Migrants from poor countries has a 15 fold increase in income, doubling in education enrolment rates and 16 fold reduction in child mortality after moving out, it said.
Remittances to developing countries are four times the size of total official development aid. Asian migrants moving to Gulf often pay 25 to 35 per cent of what they expect to earn over three years in recruitment and other fees.
India has 42 million internal migrants, 21 million development induced displaced persons in India, many of whom are people from SC and ST category.
Migration can help development but it is a substitute. The report suggests further simplification of regular channels of migration to allow low skilled people to seek work abroad, ensure basic rights for migrants, make mobility an integral part of development strategies.

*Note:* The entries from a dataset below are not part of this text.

lemma C1_if_tangents:
  assumes deriv: "\<forall>t\<in>{0..l/4}. (\<alpha> has_vector_derivative \<alpha>' t) (at t within {0..l/4})"
    and \<alpha>'_cont: "continuous_on {0..l/4} \<alpha>'"
    and ends: "\<alpha> 0 \<in> range (\<lambda>c. c *\<^sub>R e3)" "\<alpha> (l/4) \<in> range (\<lambda>c. c *\<^sub>R e1)"
    and tangents: "\<alpha>' 0 \<in> span {e1, e2}" "\<alpha>' (l/4) \<in> span {e2, e3}"
  shows "per_ext l g C1_differentiable_on UNIV"
proof -
  define g' where "g' t = (if t < l/4 then \<alpha>' t else if t < l/2 then (-R1) *v \<alpha>' (l/2 - t)
    else if t < 3*l/4 then R2 *v \<alpha>' (t - l/2) else (-R3) *v \<alpha>' (l - t))" for t
  have "four_piece_loop l \<alpha>' g' (-R1) R2 (-R3)"
    using l_pos tangents
    by unfold_locales
      (auto simp: g'_def mem_span_e1_e2_iff mem_span_e2_e3_iff vec3_eq_iff uminus_matrix_vector_mult)
  then have "(per_ext l g has_vector_derivative per_ext l g' x) (at x)"
    and "continuous_on UNIV (per_ext l g')" for x
    using per_ext_loop_has_vector_derivative[OF four_piece_loop_if_ends_on_axes[OF ends] _ deriv]
      four_piece_loop.continuous_on_per_ext_loop[OF _ \<alpha>'_cont] by blast+
  then show ?thesis
    unfolding C1_differentiable_on_def by blast
qed

lemma C1_iff_ends_and_tangents:
  assumes "\<forall>t\<in>{0..l/4}. (\<alpha> has_vector_derivative \<alpha>' t) (at t within {0..l/4})"
    and "continuous_on {0..l/4} \<alpha>'"
  shows "per_ext l g C1_differentiable_on UNIV \<longleftrightarrow>
    \<alpha> 0 \<in> range (\<lambda>c. c *\<^sub>R e3) \<and> \<alpha> (l/4) \<in> range (\<lambda>c. c *\<^sub>R e1)
    \<and> \<alpha>' 0 \<in> span {e1, e2} \<and> \<alpha>' (l/4) \<in> span {e2, e3}"
  using assms tangents_if_C1 C1_if_tangents ends_on_axes_if_continuous
    C1_differentiable_imp_continuous_on by blast

end

theorem lemma3p5:
  fixes l :: real and \<alpha> g :: "real \<Rightarrow> real^3"
  assumes l_pos: "l > 0"
    and \<alpha>_cont: "continuous_on {0..l/4} \<alpha>"
    and len_pos: "0 < curve_length \<alpha> {0..l/4}"
    and len_fin: "curve_length \<alpha> {0..l/4} < \<infinity>"
    and g1: "\<And>t. t \<in> {0..<l/4} \<Longrightarrow> g t = \<alpha> t"
    and g2: "\<And>t. t \<in> {l/4..<l/2} \<Longrightarrow> g t = R1 *v \<alpha> (psi1 l t)"
    and g3: "\<And>t. t \<in> {l/2..<3*l/4} \<Longrightarrow> g t = R2 *v \<alpha> (psi2 l t)"
    and g4: "\<And>t. t \<in> {3*l/4..<l} \<Longrightarrow> g t = R3 *v \<alpha> (psi3 l t)"
  shows "(curve_length g {0..<l/4} + curve_length g {l/4..<l/2}
           + curve_length g {l/2..<3*l/4} + curve_length g {3*l/4..<l}
         = 4 * curve_length \<alpha> {0..l/4})
    \<and> (continuous_on UNIV (per_ext l g) \<longleftrightarrow>
           (\<alpha> 0 \<in> range (\<lambda>c. c *\<^sub>R e3) \<and> \<alpha> (l/4) \<in> range (\<lambda>c. c *\<^sub>R e1)))
    \<and> (\<forall>\<alpha>'. (\<forall>t\<in>{0..l/4}. (\<alpha> has_vector_derivative \<alpha>' t) (at t within {0..l/4}))
            \<and> continuous_on {0..l/4} \<alpha>'
            \<longrightarrow> (per_ext l g C1_differentiable_on UNIV \<longleftrightarrow>
                 (\<alpha> 0 \<in> range (\<lambda>c. c *\<^sub>R e3) \<and> \<alpha> (l/4) \<in> range (\<lambda>c. c *\<^sub>R e1)
                  \<and> \<alpha>' 0 \<in> span {e1, e2} \<and> \<alpha>' (l/4) \<in> span {e2, e3})))"
proof -
  interpret reflected_quarters l \<alpha> g
  proof
    show "g t = R1 *v \<alpha> (l/2 - t)" if "t \<in> {l/4..<l/2}" for t
      using g2[OF that] that by (simp add: psi1_def rmod_eq_self)
    show "g t = R2 *v \<alpha> (t - l/2)" if "t \<in> {l/2..<3*l/4}" for t
      using g3[OF that] that by (simp add: psi2_def rmod_eq_self)
    show "g t = R3 *v \<alpha> (l - t)" if "t \<in> {3*l/4..<l}" for t
      using g4[OF that] that by (simp add: psi3_def rmod_eq_self)
  qed (fact l_pos \<alpha>_cont g1)+
  have "curve_length g {0..<l/4} + curve_length g {l/4..<l/2}
      + curve_length g {l/2..<3*l/4} + curve_length g {3*l/4..<l} = 4 * curve_length \<alpha> {0..l/4}"
    unfolding curve_length_quarters by (cases "curve_length \<alpha> {0..l/4}") simp_all
  then show ?thesis
    using continuous_iff_ends_on_axes C1_iff_ends_and_tangents by blast
qed

end
(* Every connected sequence v \<odot> A^(p) is a block sequence: n_p blocks of length N,
   block a being v_a times a row of U.  At a shift k*N the aperiodic correlation of
   two block sequences aligns whole blocks (acorr_block_seq), so it is a sum of
   inner products of rows of U.  Orthogonality of the rows of U and injectivity of
   the labelling sigma kill every term unless both sequences come from the same group
   p and k = 0 (acorr_partition_seqs); in that remaining case the correlation is an
   inner product of two rows of V_p, which vanishes for distinct rows.  Finally an
   abstract criterion (CO_SF_of_indexed_family) turns these pairwise relations into
   the CO-SF property of the listed family, whose size is N by the bijectivity of sigma. *)

definition block_seq :: "nat \<Rightarrow> nat \<Rightarrow> (nat \<Rightarrow> nat \<Rightarrow> complex) \<Rightarrow> complex list" where
  "block_seq n N f = map (\<lambda>l. f (l div N) (l mod N)) [0..<n * N]"

lemma length_block_seq [simp]: "length (block_seq n N f) = n * N"
  by (simp add: block_seq_def)

lemma block_seq_Suc: "block_seq (Suc n) N f = block_seq n N f @ map (f n) [0..<N]"
proof -
  have "[0..<n * N + N] = [0..<n * N] @ [n * N..<n * N + N]"
    by (rule upt_add_eq_append) simp
  moreover have "map (\<lambda>l. f (l div N) (l mod N)) [n * N..<n * N + N] = map (f n) [0..<N]"
    by (rule nth_equalityI) auto
  ultimately show ?thesis unfolding block_seq_def by (simp add: add.commute)
qed

lemma concat_eq_block_seq:
  "concat (map (\<lambda>a. map (f a) [0..<N]) [0..<n]) = block_seq n N f"
proof (induction n)
  case 0
  then show ?case by (simp add: block_seq_def)
next
  case (Suc n)
  then show ?case by (simp add: block_seq_Suc)
qed
lemma both_freqs_if_double_point:
  assumes "double_point \<Gamma> \<beta>0 A" "C_plus \<in> freqs \<or> C_minus \<in> freqs"
  shows "C_plus \<in> freqs \<and> C_minus \<in> freqs"
proof -
  from assms(1) obtain \<zeta> where \<zeta>: "\<zeta> \<in> dual_lattice \<Gamma>" "norm \<zeta> > norm \<beta>0"
    and A: "A = - (\<i> / 2) * \<zeta> * of_real (sqrt (1 - (norm \<beta>0)\<^sup>2 / (norm \<zeta>)\<^sup>2))"
    unfolding double_point_def by blast
  define s where "s = sqrt (1 - (norm \<beta>0)\<^sup>2 / (norm \<zeta>)\<^sup>2)"
  have "norm \<zeta> > 0" using \<zeta>(2) by (meson le_less_trans norm_ge_zero)
  have "(norm \<beta>0)\<^sup>2 < (norm \<zeta>)\<^sup>2" using power_strict_mono[OF \<zeta>(2) norm_ge_zero] by simp
  then have s2: "s\<^sup>2 = 1 - (norm \<beta>0)\<^sup>2 / (norm \<zeta>)\<^sup>2" and "s > 0"
    unfolding s_def using \<open>norm \<zeta> > 0\<close> less_imp_le[OF \<zeta>(2)] by (simp_all add: field_simps)
  have nA: "norm A = s / 2 * norm \<zeta>" unfolding A s_def[symmetric] using \<open>s > 0\<close> by (simp add: norm_mult)
  have scale: "adm_scale = 2 / s"
  proof -
    have "4 * (norm A)\<^sup>2 + (norm \<beta>0)\<^sup>2 = (norm \<zeta>)\<^sup>2"
      unfolding nA using s2 \<open>norm \<zeta> > 0\<close> by (simp add: power_mult_distrib field_simps)
    then show ?thesis unfolding adm_scale_def nA using \<open>norm \<zeta> > 0\<close> \<open>s > 0\<close> by simp
  qed
  have iA: "\<i> * A = of_real (s / 2) * \<zeta>"
    by (subst A) (simp add: s_def[symmetric] field_simps)
  have "adm_scale *\<^sub>R (\<i> * A) = \<zeta>"
    unfolding scale iA using \<open>s > 0\<close> by (simp add: scaleR_conv_of_real)
  then have "C_plus = C_minus + \<zeta>" using C_plus_minus_C_minus by (simp add: algebra_simps)
  moreover from this have "C_minus = C_plus - \<zeta>" by simp
  ultimately show ?thesis using assms(2) freqs_add_dual[OF _ \<zeta>(1)] freqs_diff_dual[OF _ \<zeta>(1)] by metis
qed

end

section \<open>The space of holomorphic sections\<close>

interpretation rscale: vector_space rscale
  by (rule vector_space_rscale)

lemma sum_apply: "sum f S x = (\<Sum>i\<in>S. f i x)"
  by (induction S rule: infinite_finite_induct) auto

context multiplier
begin

definition adm_freqs :: "complex set" where
  "adm_freqs = {C \<in> freqs. admissible C}"

lemma adm_freqs_eq: "adm_freqs = {C_plus, C_minus} \<inter> freqs"
  unfolding adm_freqs_def admissible_iff by auto

lemma finite_adm_freqs: "finite adm_freqs"
  unfolding adm_freqs_eq by simp

lemma continuous_on_H0: "\<alpha> \<in> H0 \<Gamma> \<beta>0 (hAB A B) \<Longrightarrow> continuous_on UNIV \<alpha>"
  by (metis H0_parts continuous_at_imp_continuous_on has_derivative_continuous)

lemma H0_eq_0_if_coeffs_eq_0:
  assumes \<alpha>: "\<alpha> \<in> H0 \<Gamma> \<beta>0 (hAB A B)"
    and plus: "\<And>C. C \<in> freqs \<Longrightarrow> fourier_coeff (\<lambda>z. qplus (\<alpha> z)) C = 0"
    and minus: "\<And>C. C \<in> freqs \<Longrightarrow> fourier_coeff (\<lambda>z. qminus (\<alpha> z)) (C + \<beta>0) = 0"
  shows "\<alpha> z = 0"
proof (rule quat_eqI)
  obtain qp: "quasi_periodic (\<lambda>z. qplus (\<alpha> z))" "quasi_periodic (\<lambda>z. qminus (\<alpha> z))"
    using H0_parts[OF \<alpha>] by metis
  have cont: "continuous_on UNIV (\<lambda>z. qplus (\<alpha> z))" "continuous_on UNIV (\<lambda>z. qminus (\<alpha> z))"
    using continuous_on_compose2[OF linear_continuous_on[OF bounded_linear_qplus] continuous_on_H0[OF \<alpha>]]
      continuous_on_compose2[OF linear_continuous_on[OF bounded_linear_qminus] continuous_on_H0[OF \<alpha>]]
    by blast+
  have "fourier_coeff (\<lambda>z. qminus (\<alpha> z)) C = 0" if "C \<in> freqs" for C
    using minus[OF freqs_diff_dual[OF that beta_dual]] by simp
  then show "qminus (\<alpha> z) = qminus 0"
    using quasi_periodic_fourier_uniqueness[OF cont(2) qp(2)] by simp
  show "qplus (\<alpha> z) = qplus 0"
    using quasi_periodic_fourier_uniqueness[OF cont(1) qp(1) plus] by simp
qed
lemma shrink_fractional_indices:
  assumes J: "finite J" and x: "\<forall>j\<in>J. x j \<in> {0..1}"
    and c: "\<exists>j\<in>fractional_indices x J. c j \<noteq> 0" "\<forall>j\<in>J - fractional_indices x J. c j = 0"
  shows "\<exists>\<tau>. (\<forall>j\<in>J. x j + \<tau> * c j \<in> {0..1}) \<and>
    card (fractional_indices (\<lambda>j. x j + \<tau> * c j) J) < card (fractional_indices x J)"
proof -
  define F where "F = fractional_indices x J"
  define Z where "Z = {j\<in>F. c j \<noteq> 0}"
  \<comment> \<open>move along \<open>c\<close> until the first fractional weight reaches 0 or 1\<close>
  define \<tau> where "\<tau> = Min ((\<lambda>j. exit_time (x j) (c j)) ` Z)"
  have F: "finite F" "F \<subseteq> J"
    using J by (auto simp: F_def fractional_indices_def)
  have Z: "finite Z" "Z \<noteq> {}"
    using F c(1) by (auto simp: Z_def F_def)
  have "\<tau> \<in> (\<lambda>j. exit_time (x j) (c j)) ` Z"
    unfolding \<tau>_def using Z by (intro Min_in) auto
  then obtain j1 where j1: "j1 \<in> Z" "\<tau> = exit_time (x j1) (c j1)"
    by blast
  have \<tau>_le: "\<tau> \<le> exit_time (x j) (c j)" if "j \<in> Z" for j
    using Z that by (simp add: \<tau>_def)
  have "0 < \<tau>"
    using j1 exit_time_pos by (auto simp: Z_def F_def fractional_indices_def)
  have c_zero: "c j = 0" if "j \<in> J" "j \<notin> Z" for j
    using c(2) that by (auto simp: Z_def F_def)
  have range: "\<forall>j\<in>J. x j + \<tau> * c j \<in> {0..1}"
  proof
    fix j
    assume "j \<in> J"
    then show "x j + \<tau> * c j \<in> {0..1}"
    proof (cases "j \<in> Z")
      case True
      then show ?thesis
        using x \<open>j \<in> J\<close> \<tau>_le[OF True] \<open>0 < \<tau>\<close> by (intro before_exit_time) auto
    qed (use x c_zero in auto)
  qed
  have "fractional_indices (\<lambda>j. x j + \<tau> * c j) J \<subseteq> F - {j1}"
  proof
    fix j
    assume j: "j \<in> fractional_indices (\<lambda>j. x j + \<tau> * c j) J"
    have "j \<in> F"
      using j c(2) by (cases "j \<in> F") (auto simp: fractional_indices_def F_def)
    moreover have "x j1 + \<tau> * c j1 \<in> {0, 1}"
      using j1 at_exit_time by (auto simp: Z_def)
    ultimately show "j \<in> F - {j1}"
      using j by (auto simp: fractional_indices_def)
  qed
  then have "card (fractional_indices (\<lambda>j. x j + \<tau> * c j) J) \<le> card (F - {j1})"
    using F(1) by (intro card_mono) auto
  also have "\<dots> < card F"
    using F(1) j1(1) by (intro card_Diff1_less) (auto simp: Z_def)
  finally show ?thesis
    using range by (intro exI[of _ \<tau>]) (simp add: F_def)
qed
text \<open>The coefficient of the largest set \<open>S\<close> of the chain is read off from \<open>combine g\<close>, because
  the remaining sets of the chain miss some point of \<open>S\<close>.\<close>

lemma top_coefficient:
  assumes g: "chain_weights balanced g" "g \<noteq> (\<lambda>_. 0)" and S: "S = \<Union>{T. g T \<noteq> 0}"
  shows "g S = Min ((\<lambda>v. combine g v / witness S v) ` S)"
proof -
  have "g S \<noteq> 0" using chain_weights_top[OF finite_balanced g] S by simp
  then have SB: "S \<in> balanced" by (rule chain_weights_in[OF g(1)])
  let ?g0 = "g(S := 0)"
  have g0: "chain_weights balanced ?g0" by (rule chain_weights_delete[OF g(1)])
  have split: "combine g v / witness S v = g S + combine ?g0 v / witness S v" if "v \<in> S" for v
    using combine_split[OF SB, of g v] witness_pos[OF SB that] by (simp add: field_simps)
  have "\<Union>{T. ?g0 T \<noteq> 0} \<subseteq> S" using S by auto
  then obtain w where w: "w \<in> S" "combine ?g0 w = 0"
    by (rule combine_vanishes_below_top[OF g0 SB _ fun_upd_same])
  show ?thesis
  proof (rule Min_eqI[symmetric])
    show "finite ((\<lambda>v. combine g v / witness S v) ` S)"
      by (rule finite_imageI[OF finite_balanced_set[OF SB]])
    show "g S \<le> y" if y: "y \<in> (\<lambda>v. combine g v / witness S v) ` S" for y
    proof -
      obtain v where v: "v \<in> S" "y = combine g v / witness S v"
        using y by (rule imageE) simp
      have "0 \<le> combine ?g0 v"
        by (rule balancing_weights_nonneg[OF combine_in_balancing_weights[OF chain_weights_nonneg[OF g0]]])
      then show ?thesis using split[OF v(1)] v(2) witness_pos[OF SB v(1)] by simp
    qed
    show "g S \<in> (\<lambda>v. combine g v / witness S v) ` S"
      using w split by force
  qed
qed

lemma combine_inj:
  "chain_weights balanced g \<Longrightarrow> chain_weights balanced g' \<Longrightarrow> combine g = combine g' \<Longrightarrow> g = g'"
proof (induction "card {S. g S \<noteq> 0}" arbitrary: g g' rule: less_induct)
  case less
  note g = less.prems(1) and g' = less.prems(2) and eq = less.prems(3)
  show ?case
  proof (cases "g = (\<lambda>_. 0)")
    case True
    then have "combine g' = (\<lambda>_. 0)" using eq combine_eq_0_iff[OF g] by metis
    then show ?thesis using True combine_eq_0_iff[OF g'] by metis
  next
    case False
    then have "g' \<noteq> (\<lambda>_. 0)" using eq combine_eq_0_iff[OF g] combine_eq_0_iff[OF g'] by metis
    define S where "S = \<Union>{T. g T \<noteq> 0}"
    have S': "S = \<Union>{T. g' T \<noteq> 0}"
      using combine_chain_support[OF g] combine_chain_support[OF g'] eq by (simp add: S_def)
    have top: "g S = g' S"
      using top_coefficient[OF g False S_def] top_coefficient[OF g' \<open>g' \<noteq> _\<close> S'] eq by simp
    have "g S \<noteq> 0" using chain_weights_top[OF finite_balanced g False] by (simp add: S_def)
    then have SB: "S \<in> balanced" by (rule chain_weights_in[OF g])
    have "combine (g(S := 0)) = combine (g'(S := 0))"
      using combine_split[OF SB, of g] combine_split[OF SB, of g'] eq top by (auto simp: fun_eq_iff)
    moreover have "card {T. (g(S := 0)) T \<noteq> 0} < card {T. g T \<noteq> 0}"
      using finite_chain_weights_support[OF finite_balanced g] \<open>g S \<noteq> 0\<close>
      by (intro psubset_card_mono) auto
    ultimately have "g(S := 0) = g'(S := 0)"
      using less.hyps chain_weights_delete g g' by blast
    then show ?thesis using top by (metis fun_upd_triv fun_upd_upd)
  qed
qed

lemma peel_witness:
  assumes l: "l \<in> balancing_weights" and S: "S = {v. l v \<noteq> 0}" "S \<in> balanced"
  obtains t where "0 < t" "(\<lambda>v. l v - t * witness S v) \<in> balancing_weights"
    "{v. l v - t * witness S v \<noteq> 0} \<subset> S"
proof -
  have "finite S" "S \<noteq> {}"
    using finite_balanced_set[OF S(2)] balanced_nonempty[OF S(2)] by simp_all
  define t where "t = Min ((\<lambda>v. l v / witness S v) ` S)"
  have t_le: "t \<le> l v / witness S v" if "v \<in> S" for v
    unfolding t_def using \<open>finite S\<close> that by (intro Min_le) auto
  have "t \<in> (\<lambda>v. l v / witness S v) ` S"
    unfolding t_def using \<open>finite S\<close> \<open>S \<noteq> {}\<close> by (intro Min_in) auto
  then obtain w where w: "t = l w / witness S w" "w \<in> S" by (rule imageE)
  have pos: "0 < witness S v" "0 < l v" if "v \<in> S" for v
    using witness_pos[OF S(2) that] that balancing_weights_nonneg[OF l, of v] S(1)
    by (auto simp: less_le)
  let ?l = "\<lambda>v. l v - t * witness S v"
  have outside_S: "l v = 0" "witness S v = 0" if "v \<notin> S" for v
    using that S(1) witness(3)[OF S(2)] by auto
  have "0 < t" using w pos by simp
  have below: "t * witness S v \<le> l v" for v
    using t_le[of v] pos[of v] outside_S[of v] by (cases "v \<in> S") (auto simp: field_simps)
  have "(\<lambda>v. t * witness S v) \<in> balancing_weights"
    using \<open>0 < t\<close> by (intro balancing_weights_scale[OF witness(1)[OF S(2)]]) simp
  then have "?l \<in> balancing_weights"
    using below by (rule balancing_weights_diff[OF l])
  moreover have "{v. ?l v \<noteq> 0} \<subset> S"
  proof -
    have "{v. ?l v \<noteq> 0} \<subseteq> S"
    proof
      fix v assume "v \<in> {v. ?l v \<noteq> 0}"
      then show "v \<in> S" using outside_S[of v] by (cases "v \<in> S") simp_all
    qed
    moreover have "?l w = 0" using w pos(1)[OF w(2)] by simp
    ultimately show ?thesis using w(2) by blast
  qed
  ultimately show ?thesis using \<open>0 < t\<close> that by blast
qed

Mr Jagadananda focused on Orissa and the distress seasonal migration that takes place. "It is terrible and the bulk of such migration is from SC and ST community," he said. Dearth of livelihood options and natural calamities are the main reason for such migration he said. The migrant worker often lives in sub-human conditions and a policy deficit to tackle the problem is there because there is a hug data gap on migration, he observed.
He called for joint strategies and planning by the recipient and the source states ~ like Andhra Pradesh and Orissa or Orissa and Gujarat, he said. He also felt that NREGA, if monitored does help check seasonal migration.
Mr Jockin Arputham admitted that initially he had felt that such reports were meaningless but now he realises that it helps educate policy makers and politicians to a certain extent.
He emphasised on simple targets and small things which could go a long way in making a better living. While talking of education, jobs and security of tenure, one tends to forget small issues like providing a toilet and thereby giving dignity to life in slums, he remarked. "It is a pity that people continue to die due to want of food and shelter in India," he said.
One in every four people in Orissa are migrants said a study conducted and released here today. It claimed that 7.9 million are intra-district migrants, 2.4 million are inter-district and 0.66 million are inter-state migrants.
The number of female migrants is higher than male in the state primarily due to social practice of marriage and movement, it said.
Recent trends suggest the high proportion of migrant workers to Surat is from the SC category. Migration also takes place to West Bengal, Madhya Pradesh, Maharastra and Andhra Pradesh is significant numbers. The Orissa specific study observed that vulnerability to AIDS, alcoholism is high for th single migrant worker population.